Machine Learning Workflow Made Simpler

AshutoshGhattikar
8 min readAug 16, 2021

--

Every day tons of data is being generated by almost every software and hardware product. Wouldn’t that be great if something more can be achieved by merely using this data? From suggesting which shows or movies you’d like to watch to predicting if a person can have a disease or not, that can all be done by Machine Learning and Deep Learning which uses programming and a whole lot of math underneath the hood in order to predict, automate, suggest or even mimic human work. This article is made to walk through the steps which are taken in a typical ML project by using minimalistic, terminology and jargon-free language (and a bunch of relatable meme templates as well).

NOTE: There can be scenarios where certain steps aren’t used, or may be sometimes more steps than these are used this is depending upon the data and the use-cases.

from CommonSense import sense_of_humor;

To begin with, here are the most common steps which are taken while creating an ML project.

Step 1: Data Collection or even known as Data Mining or Data scrapping

Step 2: Data preprocessing or Data preparation

Step 3: Choosing the right algorithm

Step 4: Splitting the dataset

Step 5: Model evaluation

Step 6: Cross-validation and Hyperparameter tuning

Step 7: Model deployment

Step 1: Data Collection/ Data Mining/ Data Scraping

“Not all heroes wear capes”

If a person is working for a well-established organization, it’s highly unlikely that he/she has to gather the data on their own. The data will be provided in suitable forms to proceed with the next step by some other group of people. In some cases, if at all the data has to be gathered by the individuals from different sources like articles, websites, sensors, etc then it can be a tedious job, although there are tools like BeautifulSoup, Scrapy by which this can be done easily. The data can then be stored in the formats as required such as a CSV file, JSON file, or even sent to a server or a database as per the needs. And this is exactly the initial step of our project. (keeping aside the step where we have to understand the problem and about its solution, this can be considered as the first step)

The aim here is to get raw data from different the sources to work with.

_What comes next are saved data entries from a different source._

(* For any $\alpha\in(0,1)$ and any $q>0$ there exist positive definite $2\times2$ matrices $A,B$ such that $LE_\alpha(A,B)\not\le\mathcal{A}_{\alpha,q}(A,B)$, where $LE_\alpha(A,B):=\exp((1-\alpha)\log A+\alpha\log B)$ and $\mathcal{A}_{\alpha,q}(A,B):=((1-\alpha)A^q+\alpha B^q)^{1/q}$.
   Context: $\le$ denotes the Loewner order on Hermitian matrices ($X\le Y$ iff $Y-X$ is positive semidefinite). *)

theory Defs
  imports "HOL-Analysis.Analysis"
begin

definition adjoint_mat :: "complex^'n^'m \<Rightarrow> complex^'m^'n" where
  "adjoint_mat A = (\<chi> i j. cnj (A $ j $ i))"

definition hermitian_mat :: "complex^'n^'n \<Rightarrow> bool" where
  "hermitian_mat A \<longleftrightarrow> adjoint_mat A = A"

definition unitary_mat :: "complex^'n^'n \<Rightarrow> bool" where
  "unitary_mat U \<longleftrightarrow> adjoint_mat U ** U = mat 1"

definition diag_mat :: "('n::finite \<Rightarrow> complex) \<Rightarrow> complex^'n^'n" where
  "diag_mat d = (\<chi> i j. if i = j then d i else 0)"

definition qform :: "complex^'n^'n \<Rightarrow> complex^'n \<Rightarrow> complex" where
  "qform M v = (\<Sum>i\<in>UNIV. cnj (v $ i) * (M *v v) $ i)"

definition posdef_mat :: "complex^'n^'n \<Rightarrow> bool" where
  "posdef_mat A \<longleftrightarrow> hermitian_mat A \<and> (\<forall>v. v \<noteq> 0 \<longrightarrow> Re (qform A v) > 0)"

Step 2: Data Preprocessing/Data Preparation/Data cleaning

Spice up the things

Now that we have some data, we need to make it in a proper way to provide it to our ML algorithm. Many of the algorithms work well when the data is in numerical form and that is why this step is necessary. (algorithms are kind of a set of rules which are pre-written and these improve the efficiency of the approach we take to solve that problem) Processing of the raw data can be done by various math concepts and visualizations which provides the hidden insights about our data and then we can use certain measures to process those, practices like dealing with the missing values, reducing the dimensions of features (features are the factors which will have a heavy impact on the output of the problem, for an example, the price of a house depends upon the no. of rooms it has, the floor on which it is in and some other factors just like that, these are the features), normalizing the imbalanced dataset, finding the most essential features and discarding the redundant features, are often carried out in this step. Once our data is prepared well we can expect the ML algorithm to run to its full potential. This step is the most time-consuming and yet most important step in the project life cycle. If in case further steps do not do well, then we may have to trace back to this step and carry out the process again. The tools used in this step are majorly Pandas and NumPy for data manipulation, and Matplotlib extensively for visualization, there are other such tools also used for manipulation and visualization but for beginners, these three are commonly used. If we are using a powerful module like Scikit-Learn or Tensorflow, we can expect all the functionalities in the same tool.

The main aim of this stage is to transform the raw data into more reliable data which can be provided to the algorithm.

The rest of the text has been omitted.